280-300 head temp is not "way" too hot, but 250-280 is the comfort zone. 350 would be cool down time.
Mike
scootertrash
05-15-2007, 10:00 PM
I loaded map 69 in today without changing the closed loop bias tables and the engine temp dropped about 30 degrees. I'm getting some knock sencer retarding at wot and I'm editing the VE tables to try to eliminate or at least help with this problem. It seems to be working but I'm going slow changeing about 2 units if the retard is 1 or less and 5 units if the retard is greater than 1. When I quit seeing positive changes then I'd assume that I should retard the timeing in the cells that I'm still getting the knock retard in. Am I on the right path or should I be using the accel enrichment table to address this? I thought I'd hate messing with this but it's really interesting. THanks for you help. Hopefully I'm learning a little about efi.
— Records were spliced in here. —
lemma inverse_sqrt_abs_has_derivative:
  fixes g :: "real \<Rightarrow> real"
  assumes A: "open A" "connected A"
    and g_diff: "\<And>x. x \<in> A \<Longrightarrow> g differentiable (at x)" and g_nz: "\<And>x. x \<in> A \<Longrightarrow> g x \<noteq> 0"
  shows "\<exists>\<sigma>. \<forall>x\<in>A. g x = \<sigma> / (inverse (sqrt \<bar>g x\<bar>))\<^sup>2"
    and "\<exists>h'. \<forall>x\<in>A. ((\<lambda>x. inverse (sqrt \<bar>g x\<bar>)) has_real_derivative h' x) (at x)"
proof -
  have cont: "continuous_on A g"
    using g_diff by (meson continuous_at_imp_continuous_on differentiable_imp_continuous_within)
  obtain \<sigma> where \<sigma>: "\<sigma> = 1 \<or> \<sigma> = -1" "\<And>x. x \<in> A \<Longrightarrow> \<bar>g x\<bar> = \<sigma> * g x"
    using continuous_on_nonzero_sign[OF A(2) cont g_nz] by auto
  have "g x = \<sigma> / (inverse (sqrt \<bar>g x\<bar>))\<^sup>2" if "x \<in> A" for x
  proof -
    have "\<sigma> / (inverse (sqrt \<bar>g x\<bar>))\<^sup>2 = \<sigma> * \<bar>g x\<bar>" by (simp add: power_inverse divide_inverse)
    also have "\<dots> = g x" using \<sigma>(1) \<sigma>(2)[OF that] by auto
    finally show ?thesis ..
  qed
  then show "\<exists>\<sigma>. \<forall>x\<in>A. g x = \<sigma> / (inverse (sqrt \<bar>g x\<bar>))\<^sup>2" by blast
  have "\<forall>x\<in>A. \<exists>D. ((\<lambda>x. inverse (sqrt \<bar>g x\<bar>)) has_real_derivative D) (at x)"
  proof
    fix x assume x: "x \<in> A"
    obtain g' where "(g has_real_derivative g') (at x)" using g_diff[OF x] real_differentiable_def by blast
    moreover have pos: "\<sigma> * g x > 0" using \<sigma>(2)[OF x] g_nz[OF x] by simp
    ultimately have d: "((\<lambda>x. sqrt (\<sigma> * g x)) has_real_derivative inverse (sqrt (\<sigma> * g x)) / 2 * (\<sigma> * g')) (at x)"
      by (intro DERIV_chain2[OF DERIV_real_sqrt] DERIV_cmult)
    have "sqrt (\<sigma> * g x) \<noteq> 0" using pos by auto
    then obtain D where D: "((\<lambda>x. inverse (sqrt (\<sigma> * g x))) has_real_derivative D) (at x)"
      using DERIV_inverse'[OF d] by blast
    have "((\<lambda>x. inverse (sqrt \<bar>g x\<bar>)) has_real_derivative D) (at x)"
      by (rule has_field_derivative_transform_within_open[OF D A(1) x]) (simp add: \<sigma>(2))
    then show "\<exists>D. ((\<lambda>x. inverse (sqrt \<bar>g x\<bar>)) has_real_derivative D) (at x)" ..
  qed
  then show "\<exists>h'. \<forall>x\<in>A. ((\<lambda>x. inverse (sqrt \<bar>g x\<bar>)) has_real_derivative h' x) (at x)"
    by (rule bchoice)
qed

lemma local_support_line_comp_mult:
  fixes k u u' v v' :: "real \<Rightarrow> real"
  assumes A: "open A" and B: "open B" "connected B" and x0: "x0 \<in> A"
    and k_deriv: "\<And>x. x \<in> A \<Longrightarrow> (k has_real_derivative \<sigma> / (u x)\<^sup>2) (at x)"
    and k_A_B: "k ` A \<subseteq> B"
    and u_pos: "\<And>x. x \<in> A \<Longrightarrow> u x > 0"
    and u_deriv: "\<And>x. x \<in> A \<Longrightarrow> (u has_real_derivative u' x) (at x)"
    and u'_mono: "\<And>x y. x \<in> A \<Longrightarrow> y \<in> A \<Longrightarrow> x \<le> y \<Longrightarrow> u' x \<le> u' y"
    and v_conv: "convex_on B v" and v_pos: "\<And>y. y \<in> B \<Longrightarrow> v y > 0"
    and v_deriv: "\<And>y. y \<in> B \<Longrightarrow> (v has_real_derivative v' y) (at y)"
  shows "\<exists>m \<delta>. \<delta> > 0 \<and> (\<forall>x\<in>A. \<bar>x - x0\<bar> < \<delta> \<longrightarrow> v (k x0) * u x0 + m * (x - x0) \<le> v (k x) * u x)"
proof -
  \<comment> \<open>v \<circ> k lies above p, the tangent line of v at k x0 pulled back by k, and p * u is
    convex near x0 because p' = \<gamma> / u^2.\<close>
  have kx0: "k x0 \<in> B" using k_A_B x0 by blast
  define p where "p = (\<lambda>x. v (k x0) + v' (k x0) * (k x - k x0))"
  have p_deriv: "(p has_real_derivative v' (k x0) * \<sigma> / (u x)\<^sup>2) (at x)" if "x \<in> A" for x
    using k_deriv[OF that] unfolding p_def by (auto intro!: derivative_eq_intros)
  then have "continuous_on A p" by (rule DERIV_continuous_on[OF has_field_derivative_at_within])
  then have "open (A \<inter> p -` {0<..})" by (rule continuous_open_preimage[OF _ A open_greaterThan])
  moreover have "x0 \<in> A \<inter> p -` {0<..}" using v_pos[OF kx0] x0 by (simp add: p_def)
  ultimately obtain \<delta> where "\<delta> > 0" and ball: "ball x0 \<delta> \<subseteq> A \<inter> p -` {0<..}"
    using open_contains_ball by blast
  have in_A: "x \<in> A" and p_pos: "p x > 0" if "x \<in> ball x0 \<delta>" for x
    using ball that by auto
  have pu_conv: "convex_on (ball x0 \<delta>) (\<lambda>x. p x * u x)"
    by (rule convex_on_mult_if_deriv_inverse_square[where \<gamma> = "v' (k x0) * \<sigma>" and u' = u'])
      (use in_A p_pos u_pos u_deriv u'_mono p_deriv in \<open>auto simp del: mem_ball\<close>)
  obtain q' where q': "((\<lambda>x. p x * u x) has_real_derivative q') (at x0)"
    using p_deriv[OF x0] u_deriv[OF x0] DERIV_mult by blast
  have "x0 \<in> interior (ball x0 \<delta>)" using \<open>\<delta> > 0\<close> by simp
  note pu_above_tangent = convex_on_imp_above_tangent[OF pu_conv connected_ball this _
      has_field_derivative_at_within[OF q']]
  have p_below: "p x * u x \<le> v (k x) * u x" if "x \<in> A" for x
  proof -
    have "k x0 \<in> interior B" using kx0 B(1) by (simp add: interior_open)
    moreover have "k x \<in> B" using k_A_B that by blast
    ultimately have "v' (k x0) * (k x - k x0) \<le> v (k x) - v (k x0)"
      by (rule convex_on_imp_above_tangent[OF v_conv B(2) _ _ has_field_derivative_at_within[OF v_deriv[OF kx0]]])
    then show ?thesis using u_pos[OF that] by (simp add: p_def)
  qed
  show ?thesis
  proof (rule exI[of _ q'], rule exI[of _ \<delta>], intro conjI ballI impI)
    show "\<delta> > 0" by fact
    fix x assume x: "x \<in> A" "\<bar>x - x0\<bar> < \<delta>"
    then have "v (k x0) * u x0 + q' * (x - x0) \<le> p x * u x"
      using pu_above_tangent[of x] by (simp add: p_def dist_real_def abs_minus_commute)
    also have "\<dots> \<le> v (k x) * u x" by (rule p_below[OF x(1)])
    finally show "v (k x0) * u x0 + q' * (x - x0) \<le> v (k x) * u x" .
  qed
qed

text \<open>The chain rule for the convexity of |g'|^(-1/2), the integrated form of negative
  Schwarzian derivative: |(d \<circ> k)'|^(-1/2) = |d \<circ> k|^(-1/2) * |k'|^(-1/2).\<close>

lemma convex_on_inverse_sqrt_abs_comp:
  fixes k k' d :: "real \<Rightarrow> real"
  assumes A: "open A" "connected A" and B: "open B" "connected B"
    and k_deriv: "\<And>x. x \<in> A \<Longrightarrow> (k has_real_derivative k' x) (at x)"
    and k'_diff: "\<And>x. x \<in> A \<Longrightarrow> k' differentiable (at x)"
    and k'_nz: "\<And>x. x \<in> A \<Longrightarrow> k' x \<noteq> 0"
    and k'_conv: "convex_on A (\<lambda>x. inverse (sqrt \<bar>k' x\<bar>))"
    and k_A_B: "k ` A \<subseteq> B"
    and d_diff: "\<And>y. y \<in> B \<Longrightarrow> d differentiable (at y)"
    and d_nz: "\<And>y. y \<in> B \<Longrightarrow> d y \<noteq> 0"
    and d_conv: "convex_on B (\<lambda>y. inverse (sqrt \<bar>d y\<bar>))"
  shows "convex_on A (\<lambda>x. inverse (sqrt \<bar>d (k x) * k' x\<bar>))"
proof -
  define u where "u = (\<lambda>x. inverse (sqrt \<bar>k' x\<bar>))"
  define v where "v = (\<lambda>y. inverse (sqrt \<bar>d y\<bar>))"
  from inverse_sqrt_abs_has_derivative[OF A k'_diff k'_nz] obtain \<sigma> u'
    where k'_u: "\<forall>x\<in>A. k' x = \<sigma> / (u x)\<^sup>2" and u': "\<forall>x\<in>A. (u has_real_derivative u' x) (at x)"
    unfolding u_def by blast
  from inverse_sqrt_abs_has_derivative(2)[OF B d_diff d_nz] obtain v'
    where v': "\<forall>y\<in>B. (v has_real_derivative v' y) (at y)"
    unfolding v_def by blast
  have u_pos: "u x > 0" if "x \<in> A" for x using k'_nz[OF that] by (simp add: u_def)
  have v_pos: "v y > 0" if "y \<in> B" for y using d_nz[OF that] by (simp add: v_def)
  have u'_mono: "u' x \<le> u' y" if "x \<in> A" "y \<in> A" "x \<le> y" for x y
    using convex_on_derivative_mono[OF k'_conv[folded u_def] A that] u' that by blast
  have k_deriv': "(k has_real_derivative \<sigma> / (u x)\<^sup>2) (at x)" if "x \<in> A" for x
    using k_deriv[OF that] k'_u that by simp
  have "convex_on A (\<lambda>x. v (k x) * u x)"
  proof (rule convex_on_if_local_support_lines[OF A(2)])
    have k_cont: "continuous_on A k" by (rule DERIV_continuous_on[OF has_field_derivative_at_within[OF k_deriv]])
    have u_cont: "continuous_on A u" by (rule DERIV_continuous_on[OF has_field_derivative_at_within[OF u'[rule_format]]])
    have v_cont: "continuous_on B v" by (rule DERIV_continuous_on[OF has_field_derivative_at_within[OF v'[rule_format]]])
    show "continuous_on A (\<lambda>x. v (k x) * u x)"
      by (rule continuous_on_mult[OF continuous_on_compose2[OF v_cont k_cont k_A_B] u_cont])
    fix x0 assume "x0 \<in> A"
    then show "\<exists>m \<delta>. \<delta> > 0 \<and> (\<forall>x\<in>A. \<bar>x - x0\<bar> < \<delta> \<longrightarrow> v (k x0) * u x0 + m * (x - x0) \<le> v (k x) * u x)"
      by (rule local_support_line_comp_mult[OF A(1) B _ k_deriv' k_A_B u_pos _ u'_mono
            d_conv[folded v_def] v_pos]) (use u' v' in auto)
  qed
  moreover have "(\<lambda>x. inverse (sqrt \<bar>d (k x) * k' x\<bar>)) = (\<lambda>x. v (k x) * u x)"
    by (simp add: u_def v_def abs_mult real_sqrt_mult)
  ultimately show ?thesis by simp
qed

lemma convex_on_Ioo_one_side_ge:
  fixes h :: "real \<Rightarrow> real"
  assumes conv: "convex_on {c<..<d} h" and x: "x \<in> {c<..<d}"
  shows "(\<forall>y\<in>{x<..<d}. h x \<le> h y) \<or> (\<forall>y\<in>{c<..<x}. h x \<le> h y)"
proof (rule ccontr)
  assume "\<not> ?thesis"
  then obtain y z where y: "y \<in> {x<..<d}" "h y < h x" and z: "z \<in> {c<..<x}" "h z < h x"
    by (auto simp: not_le)
  define t where "t = (x - z) / (y - z)"
  have t: "0 < t" "t < 1" using y z by (auto simp: t_def field_simps)
  have "t * (y - z) = x - z" using y z by (simp add: t_def)
  then have "(1 - t) *\<^sub>R z + t *\<^sub>R y = x" by (simp add: algebra_simps)
  then have "h x \<le> (1 - t) * h z + t * h y"
    using convex_onD[OF conv, of t z y] t y z x by simp
  also have "\<dots> < (1 - t) * h x + t * h x"
    using t y z by (intro add_strict_mono mult_strict_left_mono) auto
  finally show False by (simp add: algebra_simps)
qed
Generally on the right track. The accel enrichment table will not do much as far as Knock retard. Changing the bias table, adding fuel in the VE tables and reducing timing will be the best avenues. Use units of two for predicable results. H-D will tell you that knock retard of 5 degrees or less is nothing to worry about. Values of 5 or less can often be "false" caused by transients or higher than stock compression. Strongly recommend changing the bias table.
Mike
scootertrash
05-16-2007, 10:00 PM
Sorry Mike, sometimes I'm a little slow. I saw that you recommended changing the bias table values to 798 across the board and I assumed that was just to get to the dyno which is what I ask you to help me with and I will when I get ready to go to the dyno if I need to . I decided to try to get it closer myself so I started on the VE tables targeting the cells where the knock was occuring. In the bias table if I'm trying to tune out the knock would I just edit the cells where the knock is occuring as i did in the VE tables. When I maintain a steady speed as in where the 02 sencers would be working the rich-lean feedback balances back and forth between red1 and green 0. I looked at the test data file map labeled as a 2006 with a 02 senser and it was doing the same so I assumed that was acceptable.Is that a good assumpstion? I know I'm asking a whole lot of questions but I know of no other source of information, at least one that is willing to share it with the general public. Does anyone have a book that would go deeper into the workings of the tuner or is all the information that I need in the cd manual and I'm just not seeing it? I've got to the point that making my scooter run better is only part of the drive, I'm driven to try to understand how the tuner software uses the different files and how they relate to each other.THanks again.
Go with 798 in all cells of the bias table and leave it there. This will cause the O2's to target 14.1 in the active zones.
Sorry no instructions other than the CD with SERT unless someone has something on-line. Be carefull of on-line suggestions as I've seen much incorrect info there.